We used the following sparsity checking method and reached our optimal user + anime combination.

In [21]:
# Sparsity check: We have run this a few times to get our best combo for user + anime

# Number of unique users and anime
num_users = user_clean['user_id'].nunique()
num_anime = user_clean['anime_id'].nunique()

# Total possible interactions (users x anime)
total_possible_interactions = num_users * num_anime

# Actual number of ratings
num_ratings = len(user_clean)

# Calculate sparsity
sparsity = 1 - (num_ratings / total_possible_interactions)
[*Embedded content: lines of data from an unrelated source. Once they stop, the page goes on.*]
lemma mgf_deriv_has_derivative:
  assumes z: "\<bar>z\<bar> < lam"
  shows "(mgf_deriv k has_real_derivative mgf_deriv (Suc k) z) (at z)"
proof -
  define d where "d = (lam - \<bar>z\<bar>) / 2"
  have d: "d > 0" using z by (simp add: d_def)
  have lam_eq: "\<bar>z\<bar> + 2 * d = lam" by (simp add: d_def field_simps)
  define C where "C = fact (k + 2) / d ^ (k + 2)"
  show ?thesis
  proof (rule has_real_derivative_of_quadratic_remainder[OF d])
    fix h :: real assume h: "\<bar>h\<bar> < d"
    have hz: "\<bar>z + h\<bar> < lam" using h z by (simp add: d_def)
    define f where "f w = w ^ k * exp (z * w) * (exp (h * w) - 1 - h * w)" for w
    have f_eq: "f w = w ^ k * exp ((z + h) * w) - w ^ k * exp (z * w) - h * (w ^ Suc k * exp (z * w))"
      for w by (simp add: f_def algebra_simps exp_add)
    note integrable = integrable_mgf_deriv[OF z, of k] integrable_mgf_deriv[OF z, of "Suc k"]
      integrable_mgf_deriv[OF hz, of k]
    have "mgf_deriv k (z + h) - mgf_deriv k z - h * mgf_deriv (Suc k) z = (\<integral>w. f w \<partial>W)"
      unfolding f_eq mgf_deriv_def using integrable by simp
    also have "\<bar>\<dots>\<bar> \<le> (\<integral>w. \<bar>f w\<bar> \<partial>W)"
      using integral_norm_bound[of W f] by simp
    also have "\<dots> \<le> (\<integral>w. h\<^sup>2 * C * exp (lam * w) \<partial>W)"
    proof (rule integral_mono_AE')
      show "integrable W (\<lambda>w. h\<^sup>2 * C * exp (lam * w))"
        using integrable_exp_lam by simp
      show "AE w in W. 0 \<le> h\<^sup>2 * C * exp (lam * w)"
        using d by (simp add: C_def)
      show "AE w in W. \<bar>f w\<bar> \<le> h\<^sup>2 * C * exp (lam * w)"
        using AE_nonneg
      proof eventually_elim
        case (elim w)
        then show ?case
          using power_mult_exp_remainder_le[OF elim d, of h k z] h by (simp add: f_def C_def lam_eq)
      qed
    qed
    also have "\<dots> = (C * (\<integral>w. exp (lam * w) \<partial>W)) * h\<^sup>2" by simp
    finally show "\<bar>mgf_deriv k (z + h) - mgf_deriv k z - h * mgf_deriv (Suc k) z\<bar>
        \<le> (C * (\<integral>w. exp (lam * w) \<partial>W)) * h\<^sup>2" .
  qed
qed

lemma mgf_eq_mgf_deriv: "mgf W = mgf_deriv 0"
  by (simp add: fun_eq_iff mgf_def mgf_deriv_def)

lemma deriv_deriv_mgf:
  assumes z: "\<bar>z\<bar> < lam"
  shows "deriv (deriv (mgf W)) z = mgf_deriv 2 z"
proof -
  have "(deriv (mgf W) has_real_derivative mgf_deriv 2 z) (at z)"
  proof (rule has_field_derivative_transform_within_open)
    show "(mgf_deriv 1 has_real_derivative mgf_deriv 2 z) (at z)"
      using mgf_deriv_has_derivative[OF z, of 1] by (simp add: numeral_2_eq_2)
    show "mgf_deriv 1 y = deriv (mgf W) y" if "y \<in> {-lam<..<lam}" for y
      using mgf_deriv_has_derivative[of y 0] that
      by (simp add: mgf_eq_mgf_deriv DERIV_imp_deriv abs_less_iff)
  qed (use z in auto)
  then show ?thesis by (rule DERIV_imp_deriv)
qed

end

locale ball_weight = exp_moment_weight W lam for W :: "real measure" and lam :: real +
  fixes S :: real
  assumes mean_one: "(\<integral>w. w \<partial>W) = 1"
    and deriv2_mgf_le: "\<forall>z. \<bar>z\<bar> < lam / 2 \<longrightarrow> deriv (deriv (mgf W)) z \<le> 2 * S"
begin

lemma mgf_le_quadratic:
  assumes z: "\<bar>z\<bar> \<le> lam / 2"
  shows "mgf W z \<le> 1 + z + S * z\<^sup>2"
proof -
  have bound: "mgf W z \<le> 1 + z + S * z\<^sup>2" if t: "\<bar>t\<bar> < lam / 2"
    and expansion: "mgf_deriv 0 z
      = (\<Sum>m<2. mgf_deriv m 0 / fact m * z ^ m) + mgf_deriv 2 t / fact 2 * z ^ 2" for t
  proof -
    have "mgf W z = 1 + z + mgf_deriv 2 t / 2 * z\<^sup>2"
      using expansion mean_one prob_space by (simp add: mgf_eq_mgf_deriv mgf_deriv_def numeral_2_eq_2)
    moreover have "mgf_deriv 2 t \<le> 2 * S"
      using deriv2_mgf_le deriv_deriv_mgf[of t] t lam_pos by auto
    then have "mgf_deriv 2 t * z\<^sup>2 \<le> 2 * S * z\<^sup>2" by (rule mult_right_mono) simp
    ultimately show ?thesis by simp
  qed
  have derivs: "DERIV (mgf_deriv m) t :> mgf_deriv (Suc m) t" if "\<bar>t\<bar> \<le> \<bar>z\<bar>" for m t
    using mgf_deriv_has_derivative[of t m] that z lam_pos by simp
  \<comment> \<open>the Lagrange point lies strictly between 0 and z, so the open bound on M'' suffices\<close>
  consider "z = 0" | "z > 0" | "z < 0" by linarith
  then show ?thesis
  proof cases
    case 1
    then show ?thesis using prob_space by (simp add: mgf_def)
  next
    case 2
    then obtain t where "0 < t" "t < z"
      "mgf_deriv 0 z = (\<Sum>m<2. mgf_deriv m 0 / fact m * z ^ m) + mgf_deriv 2 t / fact 2 * z ^ 2"
      using Maclaurin[of z 2 mgf_deriv] derivs by force
    then show ?thesis using bound z by force
  next
    case 3
    then obtain t where "z < t" "t < 0"
      "mgf_deriv 0 z = (\<Sum>m<2. mgf_deriv m 0 / fact m * z ^ m) + mgf_deriv 2 t / fact 2 * z ^ 2"
      using Maclaurin_minus[of z 2 mgf_deriv] derivs by force
    then show ?thesis using bound z by force
  qed
qed

end

section \<open>Slot vectors\<close>

lemma weight_le_total_slots: "k < n \<Longrightarrow> Nw k \<le> total_slots n Nw"
  unfolding total_slots_def by (rule member_le_sum) auto

lemma total_slots_ge_one: "1 \<le> n \<Longrightarrow> \<forall>i<n. 0 < Nw i \<Longrightarrow> 1 \<le> total_slots n Nw"
  using weight_le_total_slots[of 0 n Nw] by auto

lemma sum_list_map_rev_sort:
  fixes f :: "'a::linorder \<Rightarrow> 'b::comm_monoid_add"
  shows "sum_list (map f (rev (sort xs))) = sum_list (map f xs)"
proof -
  have "mset (map f (rev (sort xs))) = mset (map f xs)" by simp
  then show ?thesis by (metis sum_mset_sum_list)
qed

lemma sum_list_map_concat_replicate:
  "sum_list (map f (concat (map (\<lambda>i. replicate (m i) (y i)) [0..<n]))) = (\<Sum>k<n. of_nat (m k) * f (y k))"
  by (induction n) (simp_all add: sum_list_replicate)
print(f"Number of Users: {num_users}")
print(f"Number of Anime: {num_anime}")
print(f"Number of Ratings: {num_ratings}")
print(f"Sparsity: {sparsity:.2%}")

Number of Users: 8624
Number of Anime: 1920
Number of Ratings: 3738836
Sparsity: 77.42%


Sparsity with 400 and 1000:
- Number of Users: 5770
- Number of Anime: 1287
- Number of Ratings: 2409398
- Sparsity: 67.55%

Sparsity with 200 and 500:
- Number of Users: 40516
- Number of Anime: 3978
- Number of Ratings: 12586531
- Sparsity: 92.19%

Sparsity with 250 and 700:
- Number of Users: 28341
- Number of Anime: 3161
- Number of Ratings: 9507865
- Sparsity: 89.39%

Sparsity with 300 and 800:
- Number of Users: 8624
- Number of Anime: 1920
- Number of Ratings: 3738836
- Sparsity: 77.42%

Now we can save this user dataset for later usage.

In [22]:
user_clean.to_csv("data/user_clean.csv", index=False)

Our user_clean dataset with Number of Users: 8624, Number of Anime: 1920, Number of Ratings: 3738836 and Sparsity: 77.42% is a good combination to build our collaborative model and also easier to handle with limited resources.